- _ASSIGNMENT_
Reproduce exactly, and only, the lines below from the one containing "I = (\<lambda>J." through the one containing "g. g \<noteq>".

▬▬▬▬▬▬▬▬▬▬

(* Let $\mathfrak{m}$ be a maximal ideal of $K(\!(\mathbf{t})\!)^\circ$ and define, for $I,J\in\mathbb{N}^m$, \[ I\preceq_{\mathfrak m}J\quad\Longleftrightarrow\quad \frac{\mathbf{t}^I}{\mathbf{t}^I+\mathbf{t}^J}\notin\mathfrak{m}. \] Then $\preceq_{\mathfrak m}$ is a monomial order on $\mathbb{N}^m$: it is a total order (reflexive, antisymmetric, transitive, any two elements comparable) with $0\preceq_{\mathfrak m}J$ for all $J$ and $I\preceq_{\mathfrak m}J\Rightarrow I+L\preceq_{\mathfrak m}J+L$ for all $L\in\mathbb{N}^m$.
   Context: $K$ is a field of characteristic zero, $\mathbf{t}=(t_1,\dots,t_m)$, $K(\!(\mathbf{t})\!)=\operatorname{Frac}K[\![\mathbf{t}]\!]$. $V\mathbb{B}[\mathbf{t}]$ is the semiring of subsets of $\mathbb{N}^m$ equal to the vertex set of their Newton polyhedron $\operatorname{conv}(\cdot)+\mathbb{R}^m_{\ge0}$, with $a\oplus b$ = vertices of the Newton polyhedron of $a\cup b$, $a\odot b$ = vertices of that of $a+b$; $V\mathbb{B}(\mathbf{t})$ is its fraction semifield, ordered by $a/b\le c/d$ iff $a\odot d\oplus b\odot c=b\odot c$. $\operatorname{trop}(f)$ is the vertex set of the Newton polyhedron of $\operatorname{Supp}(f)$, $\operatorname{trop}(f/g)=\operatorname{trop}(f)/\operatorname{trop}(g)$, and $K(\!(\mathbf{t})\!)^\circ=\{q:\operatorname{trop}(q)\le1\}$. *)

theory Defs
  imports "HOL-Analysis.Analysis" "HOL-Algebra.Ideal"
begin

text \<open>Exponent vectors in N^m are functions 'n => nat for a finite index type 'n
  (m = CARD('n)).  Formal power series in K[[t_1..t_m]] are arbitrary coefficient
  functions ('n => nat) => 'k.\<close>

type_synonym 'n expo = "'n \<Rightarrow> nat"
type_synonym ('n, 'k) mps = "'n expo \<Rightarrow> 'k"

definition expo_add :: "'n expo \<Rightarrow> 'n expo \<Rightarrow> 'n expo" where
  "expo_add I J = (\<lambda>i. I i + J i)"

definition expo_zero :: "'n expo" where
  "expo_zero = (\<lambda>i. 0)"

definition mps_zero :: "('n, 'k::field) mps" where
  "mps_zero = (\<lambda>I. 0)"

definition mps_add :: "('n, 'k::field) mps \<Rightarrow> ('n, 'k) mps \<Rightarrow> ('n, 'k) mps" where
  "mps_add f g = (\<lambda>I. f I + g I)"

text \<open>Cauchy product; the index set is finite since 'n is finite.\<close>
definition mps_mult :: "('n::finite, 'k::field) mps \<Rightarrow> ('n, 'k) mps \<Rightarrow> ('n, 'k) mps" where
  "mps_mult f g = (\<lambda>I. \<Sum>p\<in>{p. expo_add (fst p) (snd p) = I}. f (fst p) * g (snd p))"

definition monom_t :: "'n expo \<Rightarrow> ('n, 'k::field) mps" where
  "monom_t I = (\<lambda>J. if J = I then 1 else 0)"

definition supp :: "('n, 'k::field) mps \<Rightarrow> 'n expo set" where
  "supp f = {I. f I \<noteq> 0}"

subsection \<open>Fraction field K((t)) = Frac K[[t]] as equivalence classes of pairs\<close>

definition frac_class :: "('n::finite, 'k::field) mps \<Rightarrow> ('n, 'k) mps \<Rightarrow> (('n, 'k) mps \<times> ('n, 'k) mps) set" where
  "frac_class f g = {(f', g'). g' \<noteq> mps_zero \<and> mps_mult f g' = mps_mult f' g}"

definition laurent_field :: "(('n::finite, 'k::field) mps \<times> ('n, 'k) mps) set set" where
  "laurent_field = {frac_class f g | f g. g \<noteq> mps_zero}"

▬▬▬▬▬▬▬▬▬▬

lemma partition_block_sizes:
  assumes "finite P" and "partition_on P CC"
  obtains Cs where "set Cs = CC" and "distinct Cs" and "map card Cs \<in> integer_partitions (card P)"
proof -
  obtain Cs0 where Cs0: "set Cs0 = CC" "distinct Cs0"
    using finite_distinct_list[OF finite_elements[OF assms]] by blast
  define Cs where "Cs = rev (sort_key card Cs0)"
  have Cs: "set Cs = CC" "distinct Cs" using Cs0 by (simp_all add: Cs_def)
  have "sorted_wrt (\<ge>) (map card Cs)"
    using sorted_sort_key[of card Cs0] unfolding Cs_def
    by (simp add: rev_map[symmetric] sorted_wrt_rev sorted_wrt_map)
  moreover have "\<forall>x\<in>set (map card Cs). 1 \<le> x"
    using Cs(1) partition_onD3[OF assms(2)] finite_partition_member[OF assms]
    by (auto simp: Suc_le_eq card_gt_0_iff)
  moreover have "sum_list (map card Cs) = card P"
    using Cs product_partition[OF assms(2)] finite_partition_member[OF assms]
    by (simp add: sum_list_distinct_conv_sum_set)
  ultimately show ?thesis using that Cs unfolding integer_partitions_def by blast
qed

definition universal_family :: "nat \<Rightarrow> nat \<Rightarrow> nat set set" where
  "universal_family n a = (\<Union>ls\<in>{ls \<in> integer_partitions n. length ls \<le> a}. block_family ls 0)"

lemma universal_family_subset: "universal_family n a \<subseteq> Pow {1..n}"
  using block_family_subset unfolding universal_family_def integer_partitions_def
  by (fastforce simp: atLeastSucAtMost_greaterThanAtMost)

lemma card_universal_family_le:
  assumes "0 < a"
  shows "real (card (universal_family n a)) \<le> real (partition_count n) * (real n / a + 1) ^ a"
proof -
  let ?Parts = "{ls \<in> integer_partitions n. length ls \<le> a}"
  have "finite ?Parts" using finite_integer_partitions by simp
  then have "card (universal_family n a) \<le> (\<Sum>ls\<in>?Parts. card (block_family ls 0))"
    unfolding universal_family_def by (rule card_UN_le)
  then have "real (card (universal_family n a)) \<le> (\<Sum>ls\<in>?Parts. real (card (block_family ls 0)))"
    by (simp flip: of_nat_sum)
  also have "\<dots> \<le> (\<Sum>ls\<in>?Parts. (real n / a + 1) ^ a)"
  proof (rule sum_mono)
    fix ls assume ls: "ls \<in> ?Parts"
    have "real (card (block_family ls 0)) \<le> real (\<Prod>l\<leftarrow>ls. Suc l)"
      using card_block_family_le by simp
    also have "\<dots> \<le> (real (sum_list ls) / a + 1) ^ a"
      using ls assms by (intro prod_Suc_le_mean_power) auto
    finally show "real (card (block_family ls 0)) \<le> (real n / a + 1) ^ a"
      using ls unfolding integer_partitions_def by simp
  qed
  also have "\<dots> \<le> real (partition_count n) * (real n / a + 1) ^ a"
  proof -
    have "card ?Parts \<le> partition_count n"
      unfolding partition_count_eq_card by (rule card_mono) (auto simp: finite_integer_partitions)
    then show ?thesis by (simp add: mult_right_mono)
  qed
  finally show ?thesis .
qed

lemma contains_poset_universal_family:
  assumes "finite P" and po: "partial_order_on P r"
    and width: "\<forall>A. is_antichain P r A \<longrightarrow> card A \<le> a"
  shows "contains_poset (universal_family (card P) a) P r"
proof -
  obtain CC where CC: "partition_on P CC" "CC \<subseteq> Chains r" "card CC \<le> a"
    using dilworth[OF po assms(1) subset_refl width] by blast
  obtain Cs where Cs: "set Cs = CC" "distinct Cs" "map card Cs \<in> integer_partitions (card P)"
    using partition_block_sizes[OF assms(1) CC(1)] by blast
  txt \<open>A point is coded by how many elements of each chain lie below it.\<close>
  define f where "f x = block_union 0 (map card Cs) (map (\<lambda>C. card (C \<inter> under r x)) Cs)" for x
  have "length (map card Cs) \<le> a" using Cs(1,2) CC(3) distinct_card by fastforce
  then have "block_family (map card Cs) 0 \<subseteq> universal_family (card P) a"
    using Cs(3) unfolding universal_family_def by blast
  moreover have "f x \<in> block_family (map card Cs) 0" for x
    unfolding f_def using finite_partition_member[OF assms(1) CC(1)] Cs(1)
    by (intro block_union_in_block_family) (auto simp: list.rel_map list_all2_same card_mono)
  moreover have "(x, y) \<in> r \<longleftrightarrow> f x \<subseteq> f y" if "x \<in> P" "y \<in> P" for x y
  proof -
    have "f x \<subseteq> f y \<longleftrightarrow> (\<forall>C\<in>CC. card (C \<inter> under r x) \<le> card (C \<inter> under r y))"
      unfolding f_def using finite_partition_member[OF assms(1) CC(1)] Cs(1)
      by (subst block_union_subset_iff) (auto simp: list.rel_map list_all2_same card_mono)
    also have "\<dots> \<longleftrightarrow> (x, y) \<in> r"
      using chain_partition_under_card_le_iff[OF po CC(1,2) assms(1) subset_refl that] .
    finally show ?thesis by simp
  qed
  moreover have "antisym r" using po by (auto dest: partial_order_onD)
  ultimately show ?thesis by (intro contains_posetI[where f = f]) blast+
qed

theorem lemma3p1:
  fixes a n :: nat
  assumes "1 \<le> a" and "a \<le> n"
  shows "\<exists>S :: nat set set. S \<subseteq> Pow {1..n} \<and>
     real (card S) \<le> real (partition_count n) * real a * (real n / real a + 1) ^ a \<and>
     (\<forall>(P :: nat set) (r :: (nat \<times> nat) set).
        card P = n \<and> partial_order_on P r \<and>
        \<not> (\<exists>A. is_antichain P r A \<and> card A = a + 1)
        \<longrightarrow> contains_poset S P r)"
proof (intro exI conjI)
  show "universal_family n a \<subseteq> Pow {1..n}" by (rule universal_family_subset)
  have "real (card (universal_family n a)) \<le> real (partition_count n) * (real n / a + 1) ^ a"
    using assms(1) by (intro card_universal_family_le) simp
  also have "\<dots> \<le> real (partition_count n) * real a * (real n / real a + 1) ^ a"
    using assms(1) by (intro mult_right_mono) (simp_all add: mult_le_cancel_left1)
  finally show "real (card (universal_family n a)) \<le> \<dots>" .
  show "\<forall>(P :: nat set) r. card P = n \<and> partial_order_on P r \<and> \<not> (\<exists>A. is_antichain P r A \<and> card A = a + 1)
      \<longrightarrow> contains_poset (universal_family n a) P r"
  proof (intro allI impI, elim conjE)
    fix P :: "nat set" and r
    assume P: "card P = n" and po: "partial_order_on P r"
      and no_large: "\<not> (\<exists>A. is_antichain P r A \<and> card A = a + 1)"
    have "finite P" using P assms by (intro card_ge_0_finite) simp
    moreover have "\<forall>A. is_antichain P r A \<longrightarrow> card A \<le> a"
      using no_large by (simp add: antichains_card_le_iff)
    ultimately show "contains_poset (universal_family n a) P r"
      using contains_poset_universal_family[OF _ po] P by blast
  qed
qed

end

▬▬▬▬▬▬▬▬▬▬

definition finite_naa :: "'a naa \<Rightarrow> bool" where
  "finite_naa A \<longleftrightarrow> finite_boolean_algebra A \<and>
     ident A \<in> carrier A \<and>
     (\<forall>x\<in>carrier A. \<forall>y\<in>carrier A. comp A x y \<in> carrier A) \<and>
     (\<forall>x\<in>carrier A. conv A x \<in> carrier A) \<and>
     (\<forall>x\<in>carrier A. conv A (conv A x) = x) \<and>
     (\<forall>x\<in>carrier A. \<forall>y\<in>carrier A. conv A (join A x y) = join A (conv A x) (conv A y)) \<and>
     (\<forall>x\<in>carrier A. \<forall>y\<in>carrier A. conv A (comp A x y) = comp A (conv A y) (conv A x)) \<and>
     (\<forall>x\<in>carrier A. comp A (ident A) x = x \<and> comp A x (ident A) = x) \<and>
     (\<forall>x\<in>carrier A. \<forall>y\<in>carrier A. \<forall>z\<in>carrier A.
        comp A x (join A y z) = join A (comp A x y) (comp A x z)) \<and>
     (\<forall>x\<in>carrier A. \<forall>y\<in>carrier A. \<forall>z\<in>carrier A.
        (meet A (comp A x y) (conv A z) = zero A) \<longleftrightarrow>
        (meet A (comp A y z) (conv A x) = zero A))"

▬▬▬▬▬▬▬▬▬▬

- _RESULT OF THE EXERCISE_
  "monom_t I = (\<lambda>J. if J = I then 1 else 0)"

definition supp :: "('n, 'k::field) mps \<Rightarrow> 'n expo set" where
  "supp f = {I. f I \<noteq> 0}"

subsection \<open>Fraction field K((t)) = Frac K[[t]] as equivalence classes of pairs\<close>

definition frac_class :: "('n::finite, 'k::field) mps \<Rightarrow> ('n, 'k) mps \<Rightarrow> (('n, 'k) mps \<times> ('n, 'k) mps) set" where
  "frac_class f g = {(f', g'). g' \<noteq> mps_zero \<and> mps_mult f g' = mps_mult f' g}"

definition laurent_field :: "(('n::finite, 'k::field) mps \<times> ('n, 'k) mps) set set" where
  "laurent_field = {frac_class f g | f g. g \<noteq> mps_zero}"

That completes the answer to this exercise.